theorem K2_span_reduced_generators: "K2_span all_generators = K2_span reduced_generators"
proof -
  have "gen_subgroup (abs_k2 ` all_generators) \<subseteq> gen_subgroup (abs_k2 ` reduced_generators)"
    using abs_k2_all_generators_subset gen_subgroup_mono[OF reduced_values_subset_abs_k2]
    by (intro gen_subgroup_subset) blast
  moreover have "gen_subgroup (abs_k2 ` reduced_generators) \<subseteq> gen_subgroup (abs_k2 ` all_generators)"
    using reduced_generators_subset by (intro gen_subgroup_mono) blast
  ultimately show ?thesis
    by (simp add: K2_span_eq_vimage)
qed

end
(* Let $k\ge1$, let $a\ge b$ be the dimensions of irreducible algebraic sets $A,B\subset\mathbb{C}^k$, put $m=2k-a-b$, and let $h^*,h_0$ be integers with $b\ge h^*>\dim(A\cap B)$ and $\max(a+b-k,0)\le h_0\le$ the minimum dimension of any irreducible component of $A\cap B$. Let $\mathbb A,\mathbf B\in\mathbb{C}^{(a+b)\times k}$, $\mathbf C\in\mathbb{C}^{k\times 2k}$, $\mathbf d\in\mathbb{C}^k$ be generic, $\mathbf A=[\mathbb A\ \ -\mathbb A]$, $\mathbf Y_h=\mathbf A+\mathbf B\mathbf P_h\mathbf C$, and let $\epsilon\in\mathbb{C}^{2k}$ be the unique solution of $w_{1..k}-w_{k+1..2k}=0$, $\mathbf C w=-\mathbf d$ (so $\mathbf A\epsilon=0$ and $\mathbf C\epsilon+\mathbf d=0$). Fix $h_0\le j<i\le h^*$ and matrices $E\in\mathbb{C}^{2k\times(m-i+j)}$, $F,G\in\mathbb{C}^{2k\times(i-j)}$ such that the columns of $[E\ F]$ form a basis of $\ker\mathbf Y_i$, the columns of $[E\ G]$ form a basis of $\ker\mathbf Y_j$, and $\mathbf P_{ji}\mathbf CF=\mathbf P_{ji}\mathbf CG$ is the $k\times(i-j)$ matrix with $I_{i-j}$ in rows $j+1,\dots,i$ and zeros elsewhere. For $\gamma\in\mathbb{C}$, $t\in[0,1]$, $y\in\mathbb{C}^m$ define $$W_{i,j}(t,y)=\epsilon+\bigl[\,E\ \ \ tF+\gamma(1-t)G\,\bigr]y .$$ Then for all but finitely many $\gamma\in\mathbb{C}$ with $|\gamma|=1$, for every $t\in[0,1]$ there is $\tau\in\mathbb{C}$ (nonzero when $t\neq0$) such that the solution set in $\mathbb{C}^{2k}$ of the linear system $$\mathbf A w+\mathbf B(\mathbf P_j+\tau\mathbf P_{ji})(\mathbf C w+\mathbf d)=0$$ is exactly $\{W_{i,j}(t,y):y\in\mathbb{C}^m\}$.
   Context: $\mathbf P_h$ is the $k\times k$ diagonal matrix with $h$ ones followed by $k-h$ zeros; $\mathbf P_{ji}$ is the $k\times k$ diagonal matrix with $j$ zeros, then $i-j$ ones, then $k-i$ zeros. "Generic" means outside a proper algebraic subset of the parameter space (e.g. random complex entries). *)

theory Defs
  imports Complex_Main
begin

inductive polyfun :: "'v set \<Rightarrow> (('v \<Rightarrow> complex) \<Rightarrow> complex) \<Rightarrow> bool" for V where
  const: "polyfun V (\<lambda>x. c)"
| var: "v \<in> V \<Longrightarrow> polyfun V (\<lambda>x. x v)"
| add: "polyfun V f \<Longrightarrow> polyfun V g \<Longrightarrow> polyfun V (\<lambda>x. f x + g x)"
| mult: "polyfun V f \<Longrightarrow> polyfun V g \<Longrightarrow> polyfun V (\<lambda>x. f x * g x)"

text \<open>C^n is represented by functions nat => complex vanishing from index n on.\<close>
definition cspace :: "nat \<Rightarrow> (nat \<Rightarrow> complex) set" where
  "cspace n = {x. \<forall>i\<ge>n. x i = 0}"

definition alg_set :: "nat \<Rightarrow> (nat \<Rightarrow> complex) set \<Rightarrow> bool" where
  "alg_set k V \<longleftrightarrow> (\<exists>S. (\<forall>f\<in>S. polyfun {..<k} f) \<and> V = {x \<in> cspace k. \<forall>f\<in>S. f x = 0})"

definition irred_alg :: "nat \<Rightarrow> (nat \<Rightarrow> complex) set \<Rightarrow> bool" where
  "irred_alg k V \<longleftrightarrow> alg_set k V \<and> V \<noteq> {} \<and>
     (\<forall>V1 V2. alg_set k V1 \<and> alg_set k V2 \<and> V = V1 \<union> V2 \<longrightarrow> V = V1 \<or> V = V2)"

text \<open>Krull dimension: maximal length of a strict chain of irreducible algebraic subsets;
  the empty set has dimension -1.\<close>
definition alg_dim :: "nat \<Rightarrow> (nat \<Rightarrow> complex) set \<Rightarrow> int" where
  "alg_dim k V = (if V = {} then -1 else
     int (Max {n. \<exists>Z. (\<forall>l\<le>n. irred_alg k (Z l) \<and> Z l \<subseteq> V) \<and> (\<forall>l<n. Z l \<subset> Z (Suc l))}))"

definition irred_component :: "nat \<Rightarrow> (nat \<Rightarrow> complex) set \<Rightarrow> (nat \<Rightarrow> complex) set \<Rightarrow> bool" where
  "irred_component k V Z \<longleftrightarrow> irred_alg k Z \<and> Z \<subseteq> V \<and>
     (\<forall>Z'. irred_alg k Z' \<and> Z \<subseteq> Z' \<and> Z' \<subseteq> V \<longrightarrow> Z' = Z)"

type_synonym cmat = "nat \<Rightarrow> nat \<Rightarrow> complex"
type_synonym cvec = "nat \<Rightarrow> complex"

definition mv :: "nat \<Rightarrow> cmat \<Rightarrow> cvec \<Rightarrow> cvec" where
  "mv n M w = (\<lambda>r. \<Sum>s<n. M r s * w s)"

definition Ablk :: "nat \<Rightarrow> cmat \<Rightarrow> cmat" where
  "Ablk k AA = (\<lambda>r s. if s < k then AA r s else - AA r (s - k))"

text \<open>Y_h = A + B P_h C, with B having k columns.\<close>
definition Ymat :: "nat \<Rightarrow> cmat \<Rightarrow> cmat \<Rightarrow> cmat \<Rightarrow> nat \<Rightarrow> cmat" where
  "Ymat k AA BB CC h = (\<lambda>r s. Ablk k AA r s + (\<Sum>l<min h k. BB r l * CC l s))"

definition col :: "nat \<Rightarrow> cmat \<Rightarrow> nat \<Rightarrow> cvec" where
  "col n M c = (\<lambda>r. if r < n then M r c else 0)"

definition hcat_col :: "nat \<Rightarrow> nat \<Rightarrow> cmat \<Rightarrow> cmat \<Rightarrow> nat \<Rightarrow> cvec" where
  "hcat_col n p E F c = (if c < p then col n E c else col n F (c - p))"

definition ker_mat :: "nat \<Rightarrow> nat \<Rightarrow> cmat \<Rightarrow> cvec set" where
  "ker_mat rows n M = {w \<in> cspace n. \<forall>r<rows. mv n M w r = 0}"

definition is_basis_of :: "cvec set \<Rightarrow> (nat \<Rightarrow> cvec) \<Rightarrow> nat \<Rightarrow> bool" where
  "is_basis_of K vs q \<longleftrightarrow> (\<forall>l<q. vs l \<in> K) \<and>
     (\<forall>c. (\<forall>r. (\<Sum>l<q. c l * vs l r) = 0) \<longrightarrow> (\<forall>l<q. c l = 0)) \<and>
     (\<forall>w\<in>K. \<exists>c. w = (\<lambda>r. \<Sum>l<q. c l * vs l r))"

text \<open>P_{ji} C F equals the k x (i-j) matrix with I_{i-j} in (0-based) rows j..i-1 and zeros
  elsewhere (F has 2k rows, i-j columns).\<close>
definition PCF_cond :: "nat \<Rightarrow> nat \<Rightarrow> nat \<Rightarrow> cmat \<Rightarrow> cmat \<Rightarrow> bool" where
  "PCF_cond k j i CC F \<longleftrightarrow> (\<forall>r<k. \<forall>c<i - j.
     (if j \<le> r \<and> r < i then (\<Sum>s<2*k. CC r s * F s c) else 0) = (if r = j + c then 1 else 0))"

--

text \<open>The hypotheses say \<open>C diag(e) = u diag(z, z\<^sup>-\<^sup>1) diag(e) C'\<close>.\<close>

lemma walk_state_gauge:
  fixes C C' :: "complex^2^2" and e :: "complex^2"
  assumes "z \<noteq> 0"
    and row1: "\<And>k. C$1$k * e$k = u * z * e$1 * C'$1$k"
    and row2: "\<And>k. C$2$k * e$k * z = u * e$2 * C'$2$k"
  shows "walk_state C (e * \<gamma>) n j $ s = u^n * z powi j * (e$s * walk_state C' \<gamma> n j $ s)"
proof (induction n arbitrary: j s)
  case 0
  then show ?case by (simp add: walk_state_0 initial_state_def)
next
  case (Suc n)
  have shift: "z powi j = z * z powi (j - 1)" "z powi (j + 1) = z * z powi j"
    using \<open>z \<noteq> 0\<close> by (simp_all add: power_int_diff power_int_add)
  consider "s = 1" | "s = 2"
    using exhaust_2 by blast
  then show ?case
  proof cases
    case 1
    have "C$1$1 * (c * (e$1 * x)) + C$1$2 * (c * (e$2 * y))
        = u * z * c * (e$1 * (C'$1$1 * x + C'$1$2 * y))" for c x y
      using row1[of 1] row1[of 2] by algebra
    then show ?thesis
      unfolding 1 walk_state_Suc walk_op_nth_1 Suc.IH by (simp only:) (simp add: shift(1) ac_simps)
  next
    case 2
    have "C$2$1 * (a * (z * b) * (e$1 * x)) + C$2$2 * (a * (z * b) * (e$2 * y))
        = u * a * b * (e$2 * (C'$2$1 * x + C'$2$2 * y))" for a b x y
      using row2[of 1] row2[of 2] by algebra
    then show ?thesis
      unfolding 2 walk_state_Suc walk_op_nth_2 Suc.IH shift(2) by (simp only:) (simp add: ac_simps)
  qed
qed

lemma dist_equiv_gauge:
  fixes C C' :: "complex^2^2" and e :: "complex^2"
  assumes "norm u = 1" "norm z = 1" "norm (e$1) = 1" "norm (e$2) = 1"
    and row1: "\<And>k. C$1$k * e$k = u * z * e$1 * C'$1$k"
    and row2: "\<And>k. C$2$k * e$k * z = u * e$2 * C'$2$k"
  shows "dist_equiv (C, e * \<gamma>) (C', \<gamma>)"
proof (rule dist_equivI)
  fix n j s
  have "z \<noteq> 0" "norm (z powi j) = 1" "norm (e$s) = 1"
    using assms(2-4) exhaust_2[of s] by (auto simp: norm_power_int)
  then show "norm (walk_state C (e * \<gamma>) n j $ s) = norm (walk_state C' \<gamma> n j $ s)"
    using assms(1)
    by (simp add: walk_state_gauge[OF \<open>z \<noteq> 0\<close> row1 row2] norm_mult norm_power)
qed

Goal of the exercise:
Could you write out, exactly as they stand, only the lines above that begin at the line with "(\<forall>l\<le>n. irred_alg k" and stop after the line with "Z \<subseteq> V \<and>"?

Exercise response:
     int (Max {n. \<exists>Z. (\<forall>l\<le>n. irred_alg k (Z l) \<and> Z l \<subseteq> V) \<and> (\<forall>l<n. Z l \<subset> Z (Suc l))}))"

definition irred_component :: "nat \<Rightarrow> (nat \<Rightarrow> complex) set \<Rightarrow> (nat \<Rightarrow> complex) set \<Rightarrow> bool" where
  "irred_component k V Z \<longleftrightarrow> irred_alg k Z \<and> Z \<subseteq> V \<and>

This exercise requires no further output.